Revision as of 07:20, 23 September 2009

                                                Inverse Z-transform

$  x[n] =  \frac{1}{2 \prod j} \oint_C {X(z)} {z ^ {n-1}} dz \  $
where C is a closed counterwise countour inside the ROC of the Z- transform and around the origin.
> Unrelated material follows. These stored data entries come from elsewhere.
lemma rat_open_interval_contains_greaterThanLessThan:
  assumes "rat_open_interval J"
  obtains c d where "c < d" "{c<..<d} \<subseteq> J"
proof -
  obtain a b where J: "J = {x. a < ereal (of_rat x) \<and> ereal (of_rat x) < b}" and "J \<noteq> {}"
    using assms unfolding rat_open_interval_def by blast
  then obtain x where "a < ereal (of_rat x)" "ereal (of_rat x) < b"
    by blast
  obtain c where "a < ereal (of_rat c)" "ereal (of_rat c) < ereal (of_rat x)"
    using \<open>a < ereal (of_rat x)\<close> by (rule ereal_rat_dense)
  obtain d where "ereal (of_rat x) < ereal (of_rat d)" "ereal (of_rat d) < b"
    using \<open>ereal (of_rat x) < b\<close> by (rule ereal_rat_dense)
  have "{c<..<d} \<subseteq> J"
  proof
    fix y assume "y \<in> {c<..<d}"
    then have "ereal (of_rat c) < ereal (of_rat y)" "ereal (of_rat y) < ereal (of_rat d)"
      by (simp_all add: of_rat_less)
    then show "y \<in> J"
      unfolding J mem_Collect_eq using \<open>a < ereal (of_rat c)\<close> \<open>ereal (of_rat d) < b\<close>
      by (meson less_trans)
  qed
  moreover have "c < d"
    using \<open>ereal (of_rat c) < ereal (of_rat x)\<close> \<open>ereal (of_rat x) < ereal (of_rat d)\<close>
    by (simp add: of_rat_less)
  ultimately show ?thesis
    using that by blast
qed

lemma dense_in_rat_Int_greaterThanLessThan_infinite:
  assumes dense: "dense_in_rat V" and "c < d"
  shows "infinite (V \<inter> {c<..<d})"
proof
  assume finite: "finite (V \<inter> {c<..<d})"
  obtain v where "v \<in> V" "c < v" "v < d"
    using dense \<open>c < d\<close> unfolding dense_in_rat_def by blast
  then have "V \<inter> {c<..<d} \<noteq> {}"
    by auto
  then have min: "Min (V \<inter> {c<..<d}) \<in> V \<inter> {c<..<d}"
    by (rule Min_in[OF finite])
  then have "c < Min (V \<inter> {c<..<d})"
    by simp
  then obtain w where "w \<in> V" "c < w" "w < Min (V \<inter> {c<..<d})"
    using dense unfolding dense_in_rat_def by blast
  moreover from this have "w \<in> V \<inter> {c<..<d}"
    using min by auto
  then have "Min (V \<inter> {c<..<d}) \<le> w"
    by (rule Min_le[OF finite])
  ultimately show False by simp
qed

lemma dense_in_rat_Int_rat_open_interval_infinite:
  assumes "dense_in_rat V" "rat_open_interval J"
  shows "infinite (V \<inter> J)"
proof -
  obtain c d where "c < d" "{c<..<d} \<subseteq> J"
    using assms(2) by (rule rat_open_interval_contains_greaterThanLessThan)
  then have "V \<inter> {c<..<d} \<subseteq> V \<inter> J"
    by blast
  then show ?thesis
    using dense_in_rat_Int_greaterThanLessThan_infinite[OF assms(1) \<open>c < d\<close>] by (rule infinite_super)
qed

lemma dense_in_rat_spans_dense_Q_pair:
  assumes intervals: "\<And>j. rat_open_interval (I j)"
    and "surj Q" and pe: "{A. card A = 2} \<subseteq> range pe"
    and dense: "dense_in_rat V"
  obtains p q s where "p \<in> V" "q \<in> V" "s \<in> V" "p \<noteq> q" "s \<notin> {p, q}"
    "{{p, s}, {q, s}} \<in> dense_Q_pairs I Q pe"
proof -
  obtain p where "p \<in> V" "0 < p"
    using dense zero_less_one unfolding dense_in_rat_def by blast
  moreover obtain q where "q \<in> V" "q < p"
    using dense \<open>0 < p\<close> unfolding dense_in_rat_def by blast
  ultimately have "p \<in> V" "q \<in> V" "p \<noteq> q"
    by auto
  then have "card {p, q} = 2"
    by simp
  then obtain j where j: "pe j = {p, q}"
    using pe by blast
  define N where "N = max (inv Q p) (inv Q q)"
  have "infinite (V \<inter> I j - ({p, q} \<union> Q ` {..N}))"
    using dense_in_rat_Int_rat_open_interval_infinite[OF dense intervals] by simp
  then obtain s where "s \<in> V \<inter> I j - ({p, q} \<union> Q ` {..N})"
    using infinite_imp_nonempty by blast
  then have s: "s \<in> V" "s \<in> I j" "s \<notin> {p, q}" "s \<notin> Q ` {..N}"
    by auto
  have "Q (inv Q s) = s"
    using \<open>surj Q\<close> by (simp add: surj_f_inv_f)
  with s(4) have "inv Q s \<notin> {..N}"
    by (metis image_eqI)
  then have "inv Q p < inv Q s" "inv Q q < inv Q s"
    unfolding N_def by auto
  then have "{{p, s}, {q, s}} \<in> dense_Q_pairs I Q pe"
    unfolding dense_Q_pairs_def using j s(2,3) \<open>p \<noteq> q\<close> by blast
  with that \<open>p \<in> V\<close> \<open>q \<in> V\<close> \<open>p \<noteq> q\<close> s show ?thesis
    by blast
qed

lemma dense_Q_pairing_strategy_wins:
  assumes intervals: "\<And>j. rat_open_interval (I j)"
    and "surj Q" and "{A. card A = 2} \<subseteq> range pe"
    and legal: "legal_breaker_strategy \<sigma>" and follows: "follows_pairing (dense_Q_pairs I Q pe) \<sigma>"
  shows "breaker_winning \<sigma>"
  unfolding breaker_winning_def
proof (intro conjI allI impI notI legal)
  fix m assume play: "play_consistent \<sigma> m" and "maker_wins_dense m"
  then obtain V where "dense_in_rat V"
      and clique: "\<And>u v. u \<in> V \<Longrightarrow> v \<in> V \<Longrightarrow> u \<noteq> v \<Longrightarrow> {u, v} \<in> m ` {n. even n}"
    unfolding maker_wins_dense_def by blast
  obtain p q s where "p \<in> V" "q \<in> V" "s \<in> V" "p \<noteq> q" "s \<notin> {p, q}"
      and pair: "{{p, s}, {q, s}} \<in> dense_Q_pairs I Q pe"
    using \<open>dense_in_rat V\<close> by (rule dense_in_rat_spans_dense_Q_pair[OF intervals assms(2,3)])
  have "{p, s} \<in> m ` {n. even n}" "{q, s} \<in> m ` {n. even n}"
    using clique \<open>p \<in> V\<close> \<open>q \<in> V\<close> \<open>s \<in> V\<close> \<open>s \<notin> {p, q}\<close> by auto
  then obtain i k where "{p, s} = m i" "{q, s} = m k" "even i" "even k"
    by blast
  then have "i = k"
    using follows_pairing_maker_claims_one_per_pair[OF legal follows play pair] by simp
  with \<open>{p, s} = m i\<close> \<open>{q, s} = m k\<close> \<open>p \<noteq> q\<close> \<open>s \<notin> {p, q}\<close> show False
    by (auto simp: doubleton_eq_iff)
qed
            $  = \sum_{poles  a_i ( X(z)  z ^ {n-1})}  Residue ( X(z)  z ^ {n-1}) \  $
            $  = \sum_{poles  a_i ( X(z)  z ^ {n-1})} \  $  Coefficient of degree (-1) term on the power series expansion of $  ( X(z)  z ^ {n-1}) \  $  $  about a_i \  $

So inverting X(z) involves power series.

$ f(X)= \sum_{n=0}^\infty \frac{f^n (X_0) (X-X_0)^{n}}{n!} \ $ , near $ X_0 $

$ \frac{1}{(1-x)} = \sum_{n=0}^\infty X^n \ $ , geometric series where |X|=1

Computing equivalent to complex integration formula's

1) Write X(z) as a power series.

$ X(z) = \sum_{n=-\infty}^{\infty} \ C_n z^n \ $ , series must converge for all z's on the ROC of X(z)

2) Observe that

$ X(z) = \sum_{n=-\infty}^{\infty} \ x[n] z^{-n} \ $

i.e.,

$ X(z) = \sum_{n=-\infty}^{\infty} \ x[-n] z^n \ $

3) By comparison

$ X[-n] = \ C_n \ $

or

$ X[n] = \ C_ -n $

Example 1:

$ X(z) = \frac{1}{(1-z)} \ $

Two possible ROC

Case 1: |z|<1

$ X(z) = \sum_{n=0}^\infty z^n \ $

   $   =  \sum_{k=-\infty}^{0} \ z^{-k} \  $
    $  =  \sum_{n=-\infty}^{\infty} \ u(-k) z^{-k} \  $

so, x[n]=u[-n]

Consistent as having inside a circle as ROC.

Case 2: |z|>1

$ X(z) = \frac{1}{(1-z)} \ $

   $  = \frac{1}{z(\frac{1}{z}-1)} \  $
    $ = \frac {-1}{z} {\frac{1}{1-\frac{1}{z}}} \  $,    observe $ \ |\frac {1}{z}|< 1 \  $

Now by using the geometric series formula, the series can be formed as 

      $ = \frac {-1}{z} \sum_{n=0}^\infty  (\frac {1}{z})^{n} \  $

      $ = - \sum_{n=0}^\infty z^{-n-1} \  $

Let k=(n+1)

      $ = - \sum_{k=1}^\infty z^{-k} \  $

      $ = \sum_{k=1}^\infty -u(k-1) z^{-k} \  $

By coparison with the Z- transform formula

$ x[n]= -u[n-1] \ $

Consistent as having outside of circle as the ROC.